The Dominance of Neutrino-Driven Convection in Core-Collapse Supernovae

TL;DR

This paper demonstrates that neutrino-driven convection is the primary mechanism behind post-shock turbulence in core-collapse supernovae, supported by simulations showing characteristic convection signatures and scaling relations.

Contribution

The study provides the first detailed comparison and scaling relations for neutrino-driven convection in 3D supernova simulations, establishing it as the dominant instability mechanism.

Findings

Convective fluxes and energies align with buoyancy-driven convection expectations.

Positive convective flux correlates with buoyant driving regions.
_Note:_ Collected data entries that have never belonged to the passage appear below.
theorem mainTheorem8:
  fixes C :: "('o, 'm) moncat" and D :: "('p, 'n) moncat"
    and Fo Go :: "'o \<Rightarrow> 'p" and Fa Ga :: "'m \<Rightarrow> 'n"
    and F\<gamma> G\<gamma> :: "'o \<Rightarrow> 'o \<Rightarrow> 'n" and Fu Gu :: 'n
    and Fho Gho :: "'o qobj \<Rightarrow> 'p" and Fha Gha :: "('o, 'm) qarr \<Rightarrow> 'n"
    and Fh\<gamma> Gh\<gamma> :: "'o qobj \<Rightarrow> 'o qobj \<Rightarrow> 'n" and Fhu Ghu :: 'n
    and \<alpha> :: "'o \<Rightarrow> 'n"
  assumes "monoidal_category C"
    and "nonstrict_monoidal_category D"
    and "strong_monoidal_functor C D Fo Fa F\<gamma> Fu"
    and "strong_monoidal_functor C D Go Ga G\<gamma> Gu"
    and "strict_monoidal_functor (qcat C) D Fho Fha Fh\<gamma> Fhu"
    and "extends_along_j C D Fho Fha Fh\<gamma> Fhu Fo Fa F\<gamma> Fu"
    and "strict_monoidal_functor (qcat C) D Gho Gha Gh\<gamma> Ghu"
    and "extends_along_j C D Gho Gha Gh\<gamma> Ghu Go Ga G\<gamma> Gu"
    and "monoidal_nat_trans C D Fo Fa F\<gamma> Fu Go Ga G\<gamma> Gu \<alpha>"
  shows "\<exists>\<alpha>h. monoidal_nat_trans (qcat C) D Fho Fha Fh\<gamma> Fhu Gho Gha Gh\<gamma> Ghu \<alpha>h \<and>
              (\<forall>X \<in> cObj C. \<alpha>h (jO X) = \<alpha> X) \<and>
              (\<forall>\<beta>. monoidal_nat_trans (qcat C) D Fho Fha Fh\<gamma> Fhu Gho Gha Gh\<gamma> Ghu \<beta> \<and>
                    (\<forall>X \<in> cObj C. \<beta> (jO X) = \<alpha> X) \<longrightarrow>
                    (\<forall>A \<in> cObj (qcat C). \<beta> A = \<alpha>h A))"
proof -
  have "monoidal_category D"
    using assms(2) unfolding nonstrict_monoidal_category_def by blast
  then interpret lifting C D Fho Fha Fh\<gamma> Fhu Fo Fa F\<gamma> Fu Gho Gha Gh\<gamma> Ghu Go Ga G\<gamma> Gu \<alpha>
    using assms category_qcat[OF assms(1)]
    by unfold_locales
  show ?thesis
  proof (intro exI conjI allI impI ballI)
    show "monoidal_nat_trans (qcat C) D Fho Fha Fh\<gamma> Fhu Gho Gha Gh\<gamma> Ghu (qlift D \<alpha>)"
      by (rule monoidal_nat_trans_lift)
  next
    show "qlift D \<alpha> (jO X) = \<alpha> X" for X
      by simp
  next
    fix \<beta> A
    assume "monoidal_nat_trans (qcat C) D Fho Fha Fh\<gamma> Fhu Gho Gha Gh\<gamma> Ghu \<beta> \<and>
      (\<forall>X \<in> cObj C. \<beta> (jO X) = \<alpha> X)" and "A \<in> cObj (qcat C)"
    then show "\<beta> A = qlift D \<alpha> A"
      using lift_unique by simp
  qed
qed

end
lemma gmult_eq_0:
  assumes "f \<in> grass" "g \<in> grass" "\<not> (finite U \<and> 0 \<notin> U)"
  shows "gmult f g U = 0"
proof -
  have zero: "(if S \<inter> T = {} \<and> S \<union> T = U then gsign S T * f S * g T else 0) = 0"
    if "f S \<noteq> 0" "g T \<noteq> 0" for S T
    using that assms by (auto simp: grass_def)
  show ?thesis unfolding gmult_def by (intro sum.neutral) (simp add: zero split: prod.splits)
qed

lemma gmult_eq_sum_Pow:
  assumes f: "f \<in> grass" and g: "g \<in> grass"
  shows "gmult f g U = (\<Sum>S\<in>Pow U. gsign S (U - S) * f S * g (U - S))"
proof (cases "finite U \<and> 0 \<notin> U")
  case False
  moreover have "gsign S (U - S) * f S * g (U - S) = 0" if "S \<subseteq> U" for S
    using that False grass_nonzeroD[OF f, of S] grass_nonzeroD[OF g, of "U - S"]
    by (metis Diff_partition finite_UnI mult_eq_0_iff Diff_iff)
  ultimately show ?thesis
    using gmult_eq_0[OF f g] by (simp add: sum.neutral)
next
  case True
  let ?P = "{(S, T). f S \<noteq> 0 \<and> g T \<noteq> 0}"
  have finP: "finite ?P"
    by (rule finite_subset[of _ "{S. f S \<noteq> 0} \<times> {T. g T \<noteq> 0}"])
       (auto simp: finite_support_grass[OF f] finite_support_grass[OF g])
  have "gmult f g U = (\<Sum>p\<in>?P. if fst p \<inter> snd p = {} \<and> fst p \<union> snd p = U
        then gsign (fst p) (snd p) * f (fst p) * g (snd p) else 0)"
    unfolding gmult_def by (rule sum.cong) (simp_all split: prod.split)
  also have "\<dots> = (\<Sum>p\<in>{p\<in>?P. fst p \<inter> snd p = {} \<and> fst p \<union> snd p = U}.
        gsign (fst p) (snd p) * f (fst p) * g (snd p))"
    by (rule sum.inter_filter[symmetric, OF finP])
  also have "\<dots> = (\<Sum>S\<in>{S\<in>Pow U. f S \<noteq> 0 \<and> g (U - S) \<noteq> 0}. gsign S (U - S) * f S * g (U - S))"
    by (rule sum.reindex_bij_witness[where i = "\<lambda>S. (S, U - S)" and j = fst])
       (auto simp: Un_Diff Diff_triv Int_commute)
  also have "\<dots> = (\<Sum>S\<in>Pow U. gsign S (U - S) * f S * g (U - S))"
    by (rule sum.mono_neutral_left) (use True in auto)
  finally show ?thesis .
qed

lemma gmult_gmono:
  assumes A: "finite A" "0 \<notin> A" and B: "finite B" "0 \<notin> B"
  shows "gmult (gmono A) (gmono B) U = (if A \<inter> B = {} \<and> U = A \<union> B then gsign A B else 0)"
proof (cases "finite U")
  case True
  have "gmult (gmono A) (gmono B) U = (\<Sum>S\<in>Pow U. if S = A then gsign A (U - A) * (if U - A = B then 1 else 0) else 0)"
    unfolding gmult_eq_sum_Pow[OF gmono_grass[OF A] gmono_grass[OF B]]
    by (rule sum.cong) (auto simp: gmono_def)
  also have "\<dots> = (if A \<subseteq> U then gsign A (U - A) * (if U - A = B then 1 else 0) else 0)"
    using True by simp
  also have "\<dots> = (if A \<inter> B = {} \<and> U = A \<union> B then gsign A B else 0)"
    by (auto simp: Un_Diff Diff_triv Int_commute)
  finally show ?thesis .
next
  case False
  then show ?thesis
    using A B by (auto simp: gmult_eq_sum_Pow gmono_grass)
qed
Convective luminosity and dissipation scale with neutrino power.

Abstract

Multi-dimensional instabilities have become an important ingredient in core-collapse supernova (CCSN) theory. Therefore, it is necessary to understand the driving mechanism of the dominant instability. We compare our parameterized three-dimensional CCSN simulations with other buoyancy-driven simulations and propose scaling relations for neutrino-driven convection. Through these comparisons, we infer that buoyancy-driven convection dominates post-shock turbulence in our simulations. In support of this inference, we present four major results. First, the convective fluxes and kinetic energies in the neutrino-heated region are consistent with expectations of buoyancy-driven convection. Second, the convective flux is positive where buoyancy actively drives convection, and the radial and tangential components of the kinetic energy are in rough equipartition (i.e. K_r ~ K_{\theta} + K_{\phi}). Both results are natural consequences of buoyancy-driven convection, and are commonly observed in simulations of convection. Third, buoyant driving is balanced by turbulent dissipation. Fourth, the convective luminosity and turbulent dissipation scale with the driving neutrino power. In all, these four results suggest that in neutrino-driven explosions, the multi-dimensional motions are consistent with neutrino-driven convection.